The ADAPTIVEREG Procedure (Experimental)

PROC ADAPTIVEREG Statement

PROC ADAPTIVEREG <options> ;

The PROC ADAPTIVEREG statement invokes the procedure.

Table 24.1 summarizes the options available in the PROC ADAPTIVEREG statement.

Table 24.1: PROC ADAPTIVEREG Statement Options

Option

Description

Data Set Options

DATA=

Specifies the input SAS data set

TESTDATA=

Names a data set that contains test data

VALDATA=

Names a data set that contains validation data

Computational Options

NLOPTIONS

Sets optimization parameters for fitting generalized linear models

SINGULAR=

Sets the singularity tolerance

Display Options

NAMELEN=

Sets the length of effect names in tables and output data sets

PLOTS=

Controls plots produced through ODS Graphics

DETAILS=

Displays detailed modeling information

Other Options

NOTHREADS

Requests the computation in single-threaded mode

OUTDESIGN=

Requests a data set that contains the design matrix

SEED=

Sets the seed used for pseudo-random number generation

THREADS=

Specifies the number of threads for the computation


You can specify the following options.

DATA=SAS-data-set

specifies the SAS data set to be read by PROC ADAPTIVEREG. If you do not specify the DATA= option, PROC ADAPTIVEREG uses the most recently created SAS data set.

DETAILS<=(detail-options)>

requests detailed model fitting information.
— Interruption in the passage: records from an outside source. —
(* Let $\Sigma=\{a_1,a_2,c\}$. For $k<m$ in $\mathbb{N}$ let $L_{k,m}$ be the set of trees obtained from $t_c$ by grafting some tree $t'\in L_{\neg a_1\vee\neg a_2}$ on node $l^k r$ and grafting $t_{a_1}$ on node $l^m$; let $L_m:=\bigcup_{k<m}L_{k,m}$ and $L^{fa}:=\bigcup_{m\in\mathbb{N}}L_m$. Then there is a finitely ambiguous parity tree automaton that accepts $L^{fa}$.
   Context: Trees over $\Sigma$ are functions $t:\{l,r\}^*\to\Sigma$; $t_\sigma$ is the tree with all nodes labeled $\sigma$; grafting $t_2$ on node $v$ in $t_1$ replaces the subtree of $t_1$ rooted at $v$ by $t_2$. $L_{\neg a_1\vee\neg a_2}$ is the set of trees over $\Sigma$ with no $a_1$-labeled node or with no $a_2$-labeled node. A parity tree automaton (PTA) $\mathcal{A}=(Q,\Sigma,Q_I,\delta,\mathbb{C})$ ($Q$ finite, $Q_I\subseteq Q$, $\delta\subseteq Q\times\Sigma\times Q\times Q$, $\mathbb{C}:Q\to\mathbb{N}$) has computations $\phi:\{l,r\}^*\to Q$ with $\phi(\epsilon)\in Q_I$, $(\phi(v),t(v),\phi(vl),\phi(vr))\in\delta$, accepting if on every branch the largest color seen infinitely often is even. It is finitely ambiguous if on every tree it has finitely many accepting computations. *)

theory Defs
  imports Main
begin

datatype dir = Lft | Rgt

type_synonym node = "dir list"
type_synonym 'a tree = "node \<Rightarrow> 'a"

datatype sym = A1 | A2 | C

definition const_tree :: "'a \<Rightarrow> 'a tree" where
  "const_tree \<sigma> = (\<lambda>_. \<sigma>)"

definition graft :: "'a tree \<Rightarrow> node \<Rightarrow> 'a tree \<Rightarrow> 'a tree" where
  "graft t1 v t2 = (\<lambda>w. if take (length v) w = v then t2 (drop (length v) w) else t1 w)"

definition L_not_a1_or_not_a2 :: "sym tree set" where
  "L_not_a1_or_not_a2 = {t. (\<forall>v. t v \<noteq> A1) \<or> (\<forall>v. t v \<noteq> A2)}"

definition L_km :: "nat \<Rightarrow> nat \<Rightarrow> sym tree set" where
  "L_km k m = {graft (graft (const_tree C) (replicate k Lft @ [Rgt]) t') (replicate m Lft) (const_tree A1)
               | t'. t' \<in> L_not_a1_or_not_a2}"

definition L_m :: "nat \<Rightarrow> sym tree set" where
  "L_m m = (\<Union>k\<in>{k. k < m}. L_km k m)"

definition L_fa :: "sym tree set" where
  "L_fa = (\<Union>m. L_m m)"

record ('q, 'a) pta =
  states :: "'q set"
  initial :: "'q set"
  trans :: "('q \<times> 'a \<times> 'q \<times> 'q) set"
  colour :: "'q \<Rightarrow> nat"

definition wf_pta :: "('q, 'a) pta \<Rightarrow> bool" where
  "wf_pta A \<longleftrightarrow> finite (states A) \<and> initial A \<subseteq> states A \<and>
     trans A \<subseteq> states A \<times> UNIV \<times> states A \<times> states A"

definition computation :: "('q, 'a) pta \<Rightarrow> 'a tree \<Rightarrow> (node \<Rightarrow> 'q) \<Rightarrow> bool" where
  "computation A t \<phi> \<longleftrightarrow> \<phi> [] \<in> initial A \<and>
     (\<forall>v. (\<phi> v, t v, \<phi> (v @ [Lft]), \<phi> (v @ [Rgt])) \<in> trans A)"

definition branch_node :: "(nat \<Rightarrow> dir) \<Rightarrow> nat \<Rightarrow> node" where
  "branch_node b n = map b [0..<n]"

definition parity_ok :: "('q, 'a) pta \<Rightarrow> (node \<Rightarrow> 'q) \<Rightarrow> (nat \<Rightarrow> dir) \<Rightarrow> bool" where
  "parity_ok A \<phi> b \<longleftrightarrow>
     (\<exists>c. even c \<and> infinite {n. colour A (\<phi> (branch_node b n)) = c} \<and>
          (\<forall>c'. infinite {n. colour A (\<phi> (branch_node b n)) = c'} \<longrightarrow> c' \<le> c))"

definition accepting :: "('q, 'a) pta \<Rightarrow> 'a tree \<Rightarrow> (node \<Rightarrow> 'q) \<Rightarrow> bool" where
  "accepting A t \<phi> \<longleftrightarrow> computation A t \<phi> \<and> (\<forall>b. parity_ok A \<phi> b)"

definition lang :: "('q, 'a) pta \<Rightarrow> 'a tree set" where
  "lang A = {t. \<exists>\<phi>. accepting A t \<phi>}"

definition finitely_ambiguous :: "('q, 'a) pta \<Rightarrow> bool" where
  "finitely_ambiguous A \<longleftrightarrow> (\<forall>t. finite {\<phi>. accepting A t \<phi>})"

end

theory Submission
  imports Defs
begin

(* The automaton walks down the leftmost branch in state 0, switches to state 1 below a guessed
   node l^k and has to read a1 in state 1.  At l^k it sends one of the sinks 4, 5 to the right
   child, which accept exactly the trees without a1 resp. without a2, while the sinks 2 and 3
   check that all other right subtrees are all-c resp. all-a1.  Only states 0 and 1 have an odd
   colour, so an accepting run must leave them on the leftmost branch, which it can only do at the
   first a1, at depth m.  Hence an accepting run is determined by m, which is read off the tree,
   by the guess k < m and by the choice between 4 and 5: a tree has at most 2m accepting runs. *)

fun comb :: "(nat \<Rightarrow> 'a) \<Rightarrow> (nat \<Rightarrow> 'a tree) \<Rightarrow> 'a tree" where
  "comb s b [] = s 0"
| "comb s b (Lft # v) = comb (\<lambda>i. s (Suc i)) (\<lambda>i. b (Suc i)) v"
| "comb s b (Rgt # w) = b 0 w"

lemma comb_spine [simp]: "comb s b (replicate i Lft) = s i"
  by (induction i arbitrary: s b) auto

lemma comb_branch [simp]: "comb s b (replicate i Lft @ Rgt # w) = b i w"
  by (induction i arbitrary: s b) auto

lemma node_cases:
  obtains (spine) i where "v = replicate i Lft" | (branch) i w where "v = replicate i Lft @ Rgt # w"
proof (induction v arbitrary: thesis)
  case Nil
  show ?case using Nil.prems(1)[of 0] by simp
next
  case (Cons d v)
  show ?case
  proof (cases d)
    case Lft
    show ?thesis
    proof (rule Cons.IH)
      fix i assume "v = replicate i Lft"
      then show ?thesis using Cons.prems(1)[of "Suc i"] Lft by simp
    next
      fix i w assume "v = replicate i Lft @ Rgt # w"
      then show ?thesis using Cons.prems(2)[of "Suc i" w] Lft by simp
    qed
  next
    case Rgt
    then show ?thesis using Cons.prems(2)[of 0 v] by simp
  qed
qed

lemma tree_eq_comb_iff:
  "t = comb s b \<longleftrightarrow> (\<forall>i. t (replicate i Lft) = s i) \<and> (\<forall>i w. t (replicate i Lft @ Rgt # w) = b i w)"
proof
  assume *: "(\<forall>i. t (replicate i Lft) = s i) \<and> (\<forall>i w. t (replicate i Lft @ Rgt # w) = b i w)"
  show "t = comb s b"
  proof
    fix v show "t v = comb s b v" by (cases v rule: node_cases) (simp_all add: *)
  qed
qed auto

lemma spine_eq_append_iff:
  "replicate i Lft = replicate j Lft @ u \<longleftrightarrow> j \<le> i \<and> u = replicate (i - j) Lft"
proof (induction j arbitrary: i)
  case (Suc j)
  then show ?case by (cases i) simp_all
qed auto

lemma branch_eq_append_iff:
  "replicate i Lft @ Rgt # w = replicate j Lft @ u \<longleftrightarrow> j \<le> i \<and> u = replicate (i - j) Lft @ Rgt # w"
proof (induction j arbitrary: i)
  case (Suc j)
  then show ?case by (cases i) simp_all
qed auto

lemma spine_neq_branch: "replicate i Lft \<noteq> replicate j Lft @ Rgt # w"
  by (metis dir.distinct(1) in_set_conv_decomp in_set_replicate)

lemma branch_eq_branch_iff:
  "replicate i Lft @ Rgt # w = replicate j Lft @ Rgt # w' \<longleftrightarrow> i = j \<and> w = w'"
proof (induction i arbitrary: j)
  case 0
  then show ?case by (cases j) auto
next
  case (Suc i)
  then show ?case by (cases j) auto
qed

lemma graft_eq: "graft t1 v t2 w = (if \<exists>u. w = v @ u then t2 (drop (length v) w) else t1 w)"
  unfolding graft_def by (metis append_eq_conv_conj)

lemma const_tree_eq_comb: "const_tree a = comb (\<lambda>_. a) (\<lambda>_. const_tree a)"
  by (simp add: tree_eq_comb_iff const_tree_def)

lemma graft_comb_spine:
  "graft (comb s b) (replicate m Lft) t =
   comb (\<lambda>i. if m \<le> i then t (replicate (i - m) Lft) else s i)
        (\<lambda>i w. if m \<le> i then t (replicate (i - m) Lft @ Rgt # w) else b i w)"
  by (simp add: tree_eq_comb_iff graft_eq spine_eq_append_iff branch_eq_append_iff)

lemma graft_comb_branch:
  "graft (comb s b) (replicate k Lft @ [Rgt]) t = comb s (b(k := t))"
  by (auto simp: tree_eq_comb_iff graft_eq branch_eq_branch_iff spine_neq_branch)

lemma computation_sink:
  assumes "computation A t \<phi>" "\<phi> u = q" "\<And>a x y. (q, a, x, y) \<in> trans A \<Longrightarrow> x = q \<and> y = q"
  shows "\<phi> (u @ w) = q"
proof (induction w rule: rev_induct)
  case (snoc d w)
  have "(\<phi> (u @ w), t (u @ w), \<phi> (u @ w @ [Lft]), \<phi> (u @ w @ [Rgt])) \<in> trans A"
    using assms(1) unfolding computation_def by (metis append_assoc)
  with snoc assms(3) show ?case by (cases d) auto
qed (use assms(2) in simp)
You can specify the following detail-options:

BASES

displays the Bases Information table.

BWDSUMMARY

displays the Backward Selection Summary table.

FWDSUMMARY

displays the Forward Selection Summary table.

FWDPARAMS

displays the Forward Selection Parameter Estimates table.

If you do not specify a detail-option, PROC ADAPTIVEREG produces all the preceding tables by default.

NAMELEN=number

specifies the length to which long effect names are shortened. The default and minimum value is 20.

NLOPTIONS(options)

specifies options for the nonlinear optimization methods if you are applying the multivariate adaptive regression splines algorithm to generalized linear models. You can specify the following options:

ABSCONV=r
ABSTOL=r

specifies an absolute function convergence criterion by which minimization stops when $f(\bpsi ^{(k)}) \leq r $, where $\bpsi $ is the vector of parameters in the optimization and $f(\cdot )$ is the objective function. The default value of r is the negative square root of the largest double-precision value, which serves only as a protection against overflows.

ABSFCONV=r
ABSFTOL=r

specifies an absolute function difference convergence criterion. For all techniques except NMSIMP, termination requires a small change of the function value in successive iterations,

\[  |f(\bpsi ^{(k-1)}) - f(\bpsi ^{(k)})| \leq r  \]

where $\bpsi $ denotes the vector of parameters that participate in the optimization and $f(\cdot )$ is the objective function. The same formula is used for the NMSIMP technique, but $\bpsi ^{(k)}$ is defined as the vertex with the lowest function value, and $\bpsi ^{(k-1)}$ is defined as the vertex with the highest function value in the simplex. The default value is r=0.

ABSGCONV=r
ABSGTOL=r

specifies an absolute gradient convergence criterion. Termination requires the maximum absolute gradient element to be small,

\[  \max _ j |g_ j(\bpsi ^{(k)})| \leq r  \]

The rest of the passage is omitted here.